A huge evidentiary issue in this case was the employer’s lack of any corroborating documentary record, which the Tribunal pointed to as raising serious doubt regarding the employer’s reliability and credibility. So, that being said, the Tribunal apparently had to impute knowledge of Mr. Gregg’s alcoholism to CanWest, with the implications that necessarily flow from that, including the duties to make further inquiry into Mr. Gregg;\’s condition and to accommodate his disability by getting him into an EAP rather than, it should go without saying, terminating employment.
The Tribunal’s framework for analysis of Mr. Gregg’s human rights complaint involved looking at Supreme Court of Canada decisions in other, similar cases. The benchmark case is that of Moore v British Columbia (Education), 2012 SCC 61, which provides a three-part test for determining whether an apparent case for discrimination under human rights law has been established. The three parts or questions to be asked are:
- Did the complainant establish on a balance of probabilities that he had a mental or physical disability?
- Did the complainant establish on a balance of probabilities that he experienced an adverse impact?
- Did the complainant establish on a balance of probabilities that his disability was a factor in the adverse impact?
As has been pointed out, the company had no documentary record regarding performance warnings, knowledge of Mr. Gregg’s alcohol problem, or discussion regarding the company EAP. As it is the Tribunal’s job to weigh whatever evidence there is before it, in the absence of a documentary record, the Tribunal had to look at the admission by the supervisor that he knew about Mr. Gregg’s alcoholism. This was deemed to be corroboration of Mr. Gregg’s own testimony that he had informed his supervisor of his drinking problem.
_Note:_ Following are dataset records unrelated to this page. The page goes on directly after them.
definition clique_pred :: "int \<Rightarrow> site \<Rightarrow> nat \<Rightarrow> nat \<Rightarrow> site" where
  "clique_pred l w k i =
     (if copy w = k then (if stem w = i then Stem k i 1 else Stem k (stem w) 0)
      else if copy w = (k + 1) mod 3 then
        (if site_dist l w (Stem k i 1) + 1 = site_dist l w (Stem k i 0) then Stem k i 1
         else Branch ((k + 2) mod 3) (target w) i (2 * l))
      else if target w \<noteq> i \<and> site_dist l w (Stem k (target w) 0) + 1 = site_dist l w (Stem k i 0)
        then Stem k (target w) 0
      else Branch ((k + 2) mod 3) (stem w) i (2 * l))"

fun site_pred :: "int \<Rightarrow> site \<Rightarrow> site \<Rightarrow> site" where
  "site_pred l w (Stem k i h) =
     (if h = 0 then clique_pred l w k i
      else if site_dist l w (Stem k i (h - 1)) + 1 = site_dist l w (Stem k i h)
        then Stem k i (h - 1)
      else path_site l k i (exit_branch w k) (h + 1))"
| "site_pred l w (Branch k i j h) =
     (if site_dist l w (path_site l k i j (h - 1)) + 1 = site_dist l w (Branch k i j h)
      then path_site l k i j (h - 1) else path_site l k i j (h + 1))"

lemmas site_dist_unfold = site_dist_def site_dist_next_def

text \<open>The following facts are finite checks: once the copies of all sites involved are fixed, both
  sides are explicit piecewise linear expressions in the heights.\<close>

lemma site_dist_nonneg:
  assumes "in_range l w" "in_range l v"
  shows "0 \<le> site_dist l w v"
  using assms
  by (elim in_range_cases less_3_cases; simp add: site_dist_unfold;
      (auto simp: abs_if min_def split: if_splits; presburger)?)

lemma site_dist_eq_0_iff:
  assumes "in_range l w" "in_range l v"
  shows "site_dist l w v = 0 \<longleftrightarrow> v = w"
  using assms
  by (elim in_range_cases less_3_cases; simp add: site_dist_unfold;
      (auto simp: abs_if min_def split: if_splits; presburger)?)

lemma site_dist_lipschitz_clique:
  assumes "in_range l w" "k < 3"
  shows "\<bar>site_dist l w (Stem k i 0) - site_dist l w (Stem k i' 0)\<bar> \<le> 1"
  using assms
  by (elim in_range_cases less_3_cases; simp add: site_dist_unfold;
      (auto simp: abs_if min_def split: if_splits; presburger)?)

lemma site_dist_lipschitz_stem:
  assumes "in_range l w" "k < 3" "0 \<le> h" "h < l"
  shows "\<bar>site_dist l w (Stem k i h) - site_dist l w (Stem k i (h + 1))\<bar> \<le> 1"
  using assms
  by (elim in_range_cases less_3_cases; simp add: site_dist_unfold;
      (auto simp: abs_if min_def split: if_splits; presburger)?)

lemma site_dist_lipschitz_fork:
  assumes "in_range l w" "k < 3"
  shows "\<bar>site_dist l w (Stem k i l) - site_dist l w (Branch k i j (l + 1))\<bar> \<le> 1"
  using assms
  by (elim in_range_cases less_3_cases; simp add: site_dist_unfold;
      (auto simp: abs_if min_def split: if_splits; presburger)?)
Since addiction has been recognized as a form of mental and physical disability, the first part of the test was met. Furthermore, when Mr. Gregg’s alcoholism began to manifest as increasing absences from work to the point that the company was considering termination of employment, a duty arose for the company to make formal inquiries that may have helped in the accommodation process of getting Mr. Gregg into the company EAP.
Both parties agreed that the termination of employment constituted an adverse impact, so the second part of the test set out in the Moore decision was established.
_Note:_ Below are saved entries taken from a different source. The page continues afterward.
(* Let $\mathcal{A}_{ML}(\epsilon)$ be the MLMC estimator (defined in the context) for $\mathbb{E}[X]$, based on random variables $\{X_\ell\}$ satisfying Assumption A. Suppose $V_0>0$ and: (i) if $\beta=\gamma$, then $\lim_{k\to\infty}S_k=\infty$ and $$\lim_{\ell\to\infty}\mathbf{1}_{\{V_\ell>0\}}\,\mathbb{E}\Big[\frac{|\Delta_\ell X-\mathbb{E}[\Delta_\ell X]|^2}{V_\ell}\,\mathbf{1}\Big\{\frac{|\Delta_\ell X-\mathbb{E}[\Delta_\ell X]|^2}{V_\ell}>\nu\, S_\ell^2\, e^{(2\alpha-\gamma)\ell}\Big\}\Big]=0\quad\text{for all }\nu>0; \qquad (\ast)$$ (ii) if $\gamma>\beta$, then $\beta<2\alpha$, condition $(\ast)$ holds, and there exists $\upsilon\in[\beta,2\alpha)$ with $\liminf_{k\to\infty}S_k e^{(\upsilon-\gamma)k/2}>1$. (No further condition is imposed when $\beta>\gamma$.) Then $$\frac{\mathcal{A}_{ML}(\epsilon)-\mathbb{E}[X_{L(\epsilon)}]}{\sqrt{\mathrm{Var}(\mathcal{A}_{ML}(\epsilon))}}\xrightarrow{d}\mathcal{N}(0,1)\quad\text{as }\epsilon\downarrow 0.$$ In particular, if $\beta>\gamma$ and $V_0>0$, this CLT always holds.
   Context: Let $(\Omega,\mathcal F,\mathbb P)$ be a probability space, $X\in L^2(\Omega)$ a real random variable and $\{X_\ell\}_{\ell=-1}^\infty\subset L^2(\Omega)$ with $X_{-1}:=0$. Put $\Delta_\ell X:=X_\ell-X_{\ell-1}$, $V_\ell:=\mathrm{Var}(\Delta_\ell X)$, and let $C_\ell>0$ denote the (given) cost of sampling $\Delta_\ell X$. Assumption A: there are positive constants $\alpha,\beta,\gamma$ with $\min(\beta,\gamma)\le 2\alpha$, and $c_\alpha>0$, such that for all $\ell\in\mathbb N_0$: $|\mathbb E[X-X_\ell]|\le c_\alpha e^{-\alpha\ell}$; $V_\ell\le C e^{-\beta\ell}$ for some constant $C>0$; and $c e^{\gamma\ell}<C_\ell<C' e^{\gamma\ell}$ for constants $0<c<C'$. Define $S_k:=\sum_{\ell=0}^k\sqrt{V_\ell C_\ell}$. MLMC estimator: for $\epsilon>0$, $L(\epsilon):=\max(\lceil \log(c_\alpha\epsilon^{-1})/\alpha\rceil,1)$, $M_\ell(\epsilon):=\max\big(\lceil \epsilon^{-2}\sqrt{V_\ell/C_\ell}\,S_{L(\epsilon)}\rceil,1\big)$, and $\mathcal A_{ML}(\epsilon):=\sum_{\ell=0}^{L(\epsilon)}\frac{1}{M_\ell(\epsilon)}\sum_{i=1}^{M_\ell(\epsilon)}\Delta_\ell X^i$, where the family $\{\Delta_\ell X^i\}_{\ell\in\mathbb N_0,i\in\mathbb N}$ is mutually independent and each $\Delta_\ell X^i$ has the law of $\Delta_\ell X$. Conventions: $0\cdot(\pm\infty)=0$ and $0/0=0$. *)

theory Defs
  imports "HOL-Probability.Probability"
begin

definition dX :: "(nat \<Rightarrow> 'a \<Rightarrow> real) \<Rightarrow> nat \<Rightarrow> 'a \<Rightarrow> real" where
  "dX Xs l \<omega> = Xs l \<omega> - (if l = 0 then 0 else Xs (l - 1) \<omega>)"

definition mlmc_S :: "(nat \<Rightarrow> real) \<Rightarrow> (nat \<Rightarrow> real) \<Rightarrow> nat \<Rightarrow> real" where
  "mlmc_S V C k = (\<Sum>l\<le>k. sqrt (V l * C l))"

definition mlmc_L :: "real \<Rightarrow> real \<Rightarrow> real \<Rightarrow> nat" where
  "mlmc_L c\<alpha> \<alpha> \<epsilon> = nat (max \<lceil>ln (c\<alpha> / \<epsilon>) / \<alpha>\<rceil> 1)"

definition mlmc_M :: "(nat \<Rightarrow> real) \<Rightarrow> (nat \<Rightarrow> real) \<Rightarrow> real \<Rightarrow> real \<Rightarrow> real \<Rightarrow> nat \<Rightarrow> nat" where
  "mlmc_M V C c\<alpha> \<alpha> \<epsilon> l =
     nat (max \<lceil>(1 / \<epsilon>\<^sup>2) * sqrt (V l / C l) * mlmc_S V C (mlmc_L c\<alpha> \<alpha> \<epsilon>)\<rceil> 1)"

text \<open>The MLMC estimator built from the independent samples D l i (i >= 1).\<close>
definition mlmc_A :: "(nat \<Rightarrow> real) \<Rightarrow> (nat \<Rightarrow> real) \<Rightarrow> real \<Rightarrow> real \<Rightarrow>
    (nat \<Rightarrow> nat \<Rightarrow> 'a \<Rightarrow> real) \<Rightarrow> real \<Rightarrow> 'a \<Rightarrow> real" where
  "mlmc_A V C c\<alpha> \<alpha> D \<epsilon> \<omega> =
     (\<Sum>l\<le>mlmc_L c\<alpha> \<alpha> \<epsilon>. (1 / real (mlmc_M V C c\<alpha> \<alpha> \<epsilon> l)) *
        (\<Sum>i=1..mlmc_M V C c\<alpha> \<alpha> \<epsilon> l. D l i \<omega>))"

definition lindeberg_cond :: "'a measure \<Rightarrow> (nat \<Rightarrow> 'a \<Rightarrow> real) \<Rightarrow> (nat \<Rightarrow> real) \<Rightarrow>
    (nat \<Rightarrow> real) \<Rightarrow> real \<Rightarrow> real \<Rightarrow> bool" where
  "lindeberg_cond M Xs V C \<alpha> \<gamma> \<longleftrightarrow>
     (\<forall>\<nu>>0. (\<lambda>l. if V l > 0 then
         (\<integral>\<omega>. ((dX Xs l \<omega> - (\<integral>\<omega>'. dX Xs l \<omega>' \<partial>M))\<^sup>2 / V l) *
            indicator {\<omega>. (dX Xs l \<omega> - (\<integral>\<omega>'. dX Xs l \<omega>' \<partial>M))\<^sup>2 / V l
                 > \<nu> * (mlmc_S V C l)\<^sup>2 * exp ((2 * \<alpha> - \<gamma>) * real l)} \<omega> \<partial>M)
       else 0) \<longlonglongrightarrow> 0)"

end

theory Submission
  imports Defs
begin

(*
  The normalised estimator is a sum of independent centred sample averages, so the theorem
  follows from Lindeberg's central limit theorem (proved below via characteristic functions).
  Level l contributes a share V_l/(M_l sigma^2) of the variance sigma^2 of the estimator,
  times a truncated second moment of the standardised level difference at a threshold of
  order M_l^2 sigma^2. Two estimates control these truncation levels: sigma^2 >= kappa eps^2
  (if beta > gamma because S_L stays bounded, otherwise because e^((gamma - 2 alpha) L) / S_L^2
  tends to 0), and M_l >= eps^-2 sqrt (V_l / C_l) S_L. Hence each fixed level has a truncation
  level tending to infinity, while the levels beyond a fixed l0 are small uniformly in eps:
  by geometric decay of sqrt (V_l C_l) when beta > gamma, and by the Lindeberg-type
  condition on the level differences otherwise.
*)

section \<open>Lindeberg's central limit theorem\<close>

lemma exp_minus_taylor_bound:
  fixes x :: real
  assumes "x \<ge> 0"
  shows "\<bar>exp (- x) - (1 - x)\<bar> \<le> x\<^sup>2 / 2"
proof -
  define f where "f y = 1 - y + y\<^sup>2 / 2 - exp (- y)" for y :: real
  have f_deriv: "(f has_real_derivative (-1 + z + exp (- z))) (at z)" for z
    unfolding f_def by (auto intro!: derivative_eq_intros simp: power2_eq_square)
  have "f 0 \<le> f x"
  proof (rule DERIV_nonneg_imp_nondecreasing[OF assms])
    fix z
    show "\<exists>d. (f has_real_derivative d) (at z) \<and> 0 \<le> d"
      using f_deriv[of z] exp_ge_add_one_self[of "-z"] by auto
  qed
  then show ?thesis
    using exp_ge_add_one_self[of "-x"] by (simp add: f_def)
qed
Finally, in looking at whether Mr. Gregg had shown that his disability had been a factor in the adverse impact, the Tribunal held that because the supervisor admitted to knowledge of Mr. Gregg’s drinking problem through conversations with him, the duty to make further inquiries arose. The company had a related duty to accommodate Mr. Gregg by getting him into counselling and treatment for his alcohol addiction, rather than ending his employment for the putative reason that he had violated the company’s attendance policy without providing satisfactory reasons.
The human rights Complaint of discrimination in employment practices having been established, the Tribunal awarded $25,000 in general damages plus four months of lost wages, all of which was subject to judgment interest.